*** DATASET CONTENT Section Begins ***

(* Let $C,A^1,\dots,A^m\in\mathbb{S}^n$, $b\in\mathbb{R}^m$, with $\mathbf{P}$ and $\mathbf{D}$ feasible and $\mathbf{D}$ of singularity degree one, and let $0\le r<n$ be such that, writing $L(y)=C-\sum_iA^iy_i$ in blocks $L_{11}(y)\in\mathbb{S}^r$, $L_{12}(y)\in\mathbb{R}^{r\times(n-r)}$, $L_{22}(y)\in\mathbb{S}^{n-r}$: (a) for every $y$, $L(y)\succeq0$ iff $L_{12}(y)=0$, $L_{22}(y)=0$, $L_{11}(y)\succeq0$; (b) some $y$ has $L_{12}(y)=0$, $L_{22}(y)=0$, $L_{11}(y)\succ0$; (c) there is $X=\mathrm{diag}(0,X_{22})$ with $X_{22}\succ0$, $C\bullet X=0$, $A^i\bullet X=0$ for all $i$. Let $M>0$ be a constant such that for all $t\ge0$ and $y\in\mathbb{R}^m$, $L_{22}(y)+tI_{22}\succeq0$ implies $tMI_{22}\succeq L_{22}(y)+tI_{22}$. For $\alpha>0,t>0$ let $u_1(\alpha,t)$ be the optimal value (supremum) of $$\mathbf{RD1}(\alpha,t):\ \max_y\ b^Ty-\frac{\|L_{12}(y)\|_F^2}{M\alpha}\ \text{ s.t. } L(y)+t\alpha I\succeq0 .$$ Then for all $t>0$ and $\alpha>0$, $$v(0,t)\le v(t\alpha,t)\le u_1(\alpha,t)+t^2\alpha n+tc,\qquad c:=C\bullet I .$$
   Context: $\mathbf{P}$: $\min_X C\bullet X$ s.t. $A^i\bullet X=b_i$, $X\succeq0$; $\mathbf{D}$: $\max_y b^Ty$ s.t. $C-\sum_iA^iy_i\succeq0$. $\mathbf{D}$ has singularity degree one if it is feasible and there exists a nonzero $X\succeq0$ with $C\bullet X=0$, $A^i\bullet X=0$ for all $i$, such that some $y$ has $C-\sum_iA^iy_i$ in the relative interior of $\{Z\succeq0: Z\bullet X=0\}$. For $\varepsilon,\eta\ge0$: $\mathbf{D}(\varepsilon,\eta)$: $\max_y \sum_i(b_i+\eta A^i\bullet I)y_i$ s.t. $C-\sum_iA^iy_i+\varepsilon I\succeq0$, and $\mathbf{P}(\varepsilon,\eta)$: $\min_X (C+\varepsilon I)\bullet X$ s.t. $A^i\bullet X=b_i+\eta A^i\bullet I$, $X\succeq0$; for $(\varepsilon,\eta)\ne(0,0)$, $v(\varepsilon,\eta)$ is their common optimal value. $\|\cdot\|_F$ is the Frobenius norm; $I_{22}$ is the $(n-r)\times(n-r)$ identity. *)

theory Defs
  imports "HOL-Analysis.Analysis"
begin

text \<open>Symmetric n x n real matrices are modelled as real^'n^'n with 'n a finite
linearly ordered index type (so n = CARD('n), indices ordered as 1..n).\<close>

definition symm :: "real^('n::finite)^('n::finite) \<Rightarrow> bool" where
  "symm A \<longleftrightarrow> transpose A = A"

definition frob :: "real^('n::finite)^('n::finite) \<Rightarrow> real^('n::finite)^('n::finite) \<Rightarrow> real" where
  "frob A B = (\<Sum>i\<in>UNIV. \<Sum>j\<in>UNIV. A$i$j * B$i$j)"

definition psd :: "real^('n::finite)^('n::finite) \<Rightarrow> bool" where
  "psd A \<longleftrightarrow> symm A \<and> (\<forall>x. x \<bullet> (A *v x) \<ge> 0)"

definition psd_on :: "'n set \<Rightarrow> real^('n::finite)^('n::finite) \<Rightarrow> bool" where
  "psd_on S A \<longleftrightarrow> (\<forall>x::'n \<Rightarrow> real. (\<Sum>i\<in>S. \<Sum>j\<in>S. x i * A$i$j * x j) \<ge> 0)"

definition pd_on :: "'n set \<Rightarrow> real^('n::finite)^('n::finite) \<Rightarrow> bool" where
  "pd_on S A \<longleftrightarrow> (\<forall>x::'n \<Rightarrow> real. (\<exists>i\<in>S. x i \<noteq> 0) \<longrightarrow>
      (\<Sum>i\<in>S. \<Sum>j\<in>S. x i * A$i$j * x j) > 0)"

text \<open>First block: the r smallest indices.\<close>
definition blk1 :: "nat \<Rightarrow> 'n::{finite,linorder} set" where
  "blk1 r = {i. card {j. j < i} < r}"

definition Lmap :: "real^('n::finite)^('n::finite) \<Rightarrow> (nat \<Rightarrow> real^('n::finite)^('n::finite)) \<Rightarrow> nat \<Rightarrow> (nat \<Rightarrow> real) \<Rightarrow> real^('n::finite)^('n::finite)" where
  "Lmap C A m y = C - (\<Sum>i<m. y i *\<^sub>R A i)"

definition bty :: "(nat \<Rightarrow> real) \<Rightarrow> nat \<Rightarrow> (nat \<Rightarrow> real) \<Rightarrow> real" where
  "bty b m y = (\<Sum>i<m. b i * y i)"

definition P_feasible :: "real^('n::finite)^('n::finite) \<Rightarrow> (nat \<Rightarrow> real^('n::finite)^('n::finite)) \<Rightarrow> (nat \<Rightarrow> real) \<Rightarrow> nat \<Rightarrow> bool" where
  "P_feasible C A b m \<longleftrightarrow> (\<exists>X. psd X \<and> (\<forall>i<m. frob (A i) X = b i))"

definition D_feasible :: "real^('n::finite)^('n::finite) \<Rightarrow> (nat \<Rightarrow> real^('n::finite)^('n::finite)) \<Rightarrow> nat \<Rightarrow> bool" where
  "D_feasible C A m \<longleftrightarrow> (\<exists>y. psd (Lmap C A m y))"

definition sing_deg_one :: "real^('n::finite)^('n::finite) \<Rightarrow> (nat \<Rightarrow> real^('n::finite)^('n::finite)) \<Rightarrow> nat \<Rightarrow> bool" where
  "sing_deg_one C A m \<longleftrightarrow> D_feasible C A m \<and>
     (\<exists>X. X \<noteq> 0 \<and> psd X \<and> frob C X = 0 \<and> (\<forall>i<m. frob (A i) X = 0) \<and>
        (\<exists>y. Lmap C A m y \<in> rel_interior {Z. psd Z \<and> frob Z X = 0}))"

definition vval :: "real^('n::finite)^('n::finite) \<Rightarrow> (nat \<Rightarrow> real^('n::finite)^('n::finite)) \<Rightarrow> (nat \<Rightarrow> real) \<Rightarrow> nat \<Rightarrow> real \<Rightarrow> real \<Rightarrow> ereal" where
  "vval C A b m eps eta = Sup {ereal (\<Sum>i<m. (b i + eta * frob (A i) (mat 1)) * y i) | y.
       psd (Lmap C A m y + eps *\<^sub>R mat 1)}"
text \<open>Nonnegativity for Metzler matrices: shifting A by a multiple a of the identity makes it
  entrywise nonnegative, and then exp(t A) = exp(- a t) exp(t (A + a I)).\<close>

lemma exp_entry_nonneg:
  assumes off_diag: "\<And>i j. i \<noteq> j \<Longrightarrow> 0 \<le> A $ i $ j" and "0 \<le> t"
  shows "0 \<le> exp_entry A t i j"
proof -
  define a where "a = entry_norm1 A"
  define N where "N = A + a *\<^sub>R mat 1"
  have N_entry: "N $ i $ j = A $ i $ j + (if i = j then a else 0)" for i j
    by (simp add: N_def mat_def)
  have N_nonneg: "0 \<le> N $ i $ j" for i j
    using off_diag[of i j] abs_entry_le_entry_norm1[of A i i] by (auto simp: N_entry a_def)
  have "0 \<le> mat_pow N k $ i $ j" for k i j
  proof (induction k arbitrary: i j)
    case 0
    then show ?case by (simp add: mat_def)
  next
    case (Suc k)
    then show ?case
      unfolding mat_pow_Suc_entry by (intro sum_nonneg mult_nonneg_nonneg N_nonneg)
  qed
  then have exp_N_nonneg: "0 \<le> exp_entry N r i j" if "0 \<le> r" for r i j
    unfolding exp_entry_def using that by (intro suminf_nonneg summable_exp_entry) auto
  define R where "R r i j = exp (- a * r) * exp_entry N r i j" for r i j
  have R_deriv: "((\<lambda>r. R r l j) has_field_derivative (\<Sum>m\<in>UNIV. A $ l $ m * R r m j)) (at r)" for r l
  proof -
    have "(\<Sum>m\<in>UNIV. N $ l $ m * exp_entry N r m j)
        = (\<Sum>m\<in>UNIV. A $ l $ m * exp_entry N r m j) + a * exp_entry N r l j"
      unfolding N_entry distrib_right sum.distrib sum_if_eq_mult ..
    then show ?thesis
      unfolding R_def
      by (auto intro!: derivative_eq_intros exp_entry_has_derivative
          simp: algebra_simps sum_distrib_left)
  qed
  have "(\<Sum>l\<in>UNIV. exp_entry A (t - r) i l * R r l j)
      = (\<Sum>l\<in>UNIV. exp_entry A (t - r') i l * R r' l j)" for r r'
    by (rule backward_forward_product_const) (rule exp_entry_reverse_has_derivative, rule R_deriv)
  from this[of 0 t] have "exp_entry A t i j = R t i j"
    by (simp add: exp_entry_0 sum_mult_if_eq sum_if_eq_mult R_def)
  then show ?thesis
    using exp_N_nonneg[OF \<open>0 \<le> t\<close>] by (simp add: R_def)
qed

lemma exp_entry_row_sum:
  assumes "\<And>i. (\<Sum>j\<in>UNIV. A $ i $ j) = 0"
  shows "(\<Sum>j\<in>UNIV. exp_entry A t i j) = 1"
proof -
  have "(\<Sum>j\<in>UNIV. \<Sum>l\<in>UNIV. exp_entry A r i l * A $ l $ j) = 0" for r
    by (subst sum.swap) (simp add: sum_distrib_left[symmetric] assms)
  moreover have "((\<lambda>t. \<Sum>j\<in>UNIV. exp_entry A t i j) has_field_derivative
      (\<Sum>j\<in>UNIV. \<Sum>l\<in>UNIV. exp_entry A r i l * A $ l $ j)) (at r)" for r
    by (intro DERIV_sum exp_entry_has_derivative')
  ultimately have "((\<lambda>t. \<Sum>j\<in>UNIV. exp_entry A t i j) has_field_derivative 0) (at r)" for r
    by simp
  then have "(\<Sum>j\<in>UNIV. exp_entry A t i j) = (\<Sum>j\<in>UNIV. exp_entry A 0 i j)"
    using DERIV_isconst_all by blast
  then show ?thesis
    by (simp add: exp_entry_0)
qed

*** DATASET CONTENT Section Ends ***

* ABOUT THIS TASK
If a line of the listing above contains "bool", pick it out and copy it.

* SOLVED EXERCISE
definition symm :: "real^('n::finite)^('n::finite) \<Rightarrow> bool" where
definition psd :: "real^('n::finite)^('n::finite) \<Rightarrow> bool" where
definition psd_on :: "'n set \<Rightarrow> real^('n::finite)^('n::finite) \<Rightarrow> bool" where
definition pd_on :: "'n set \<Rightarrow> real^('n::finite)^('n::finite) \<Rightarrow> bool" where
definition P_feasible :: "real^('n::finite)^('n::finite) \<Rightarrow> (nat \<Rightarrow> real^('n::finite)^('n::finite)) \<Rightarrow> (nat \<Rightarrow> real) \<Rightarrow> nat \<Rightarrow> bool" where
definition D_feasible :: "real^('n::finite)^('n::finite) \<Rightarrow> (nat \<Rightarrow> real^('n::finite)^('n::finite)) \<Rightarrow> nat \<Rightarrow> bool" where
definition sing_deg_one :: "real^('n::finite)^('n::finite) \<Rightarrow> (nat \<Rightarrow> real^('n::finite)^('n::finite)) \<Rightarrow> nat \<Rightarrow> bool" where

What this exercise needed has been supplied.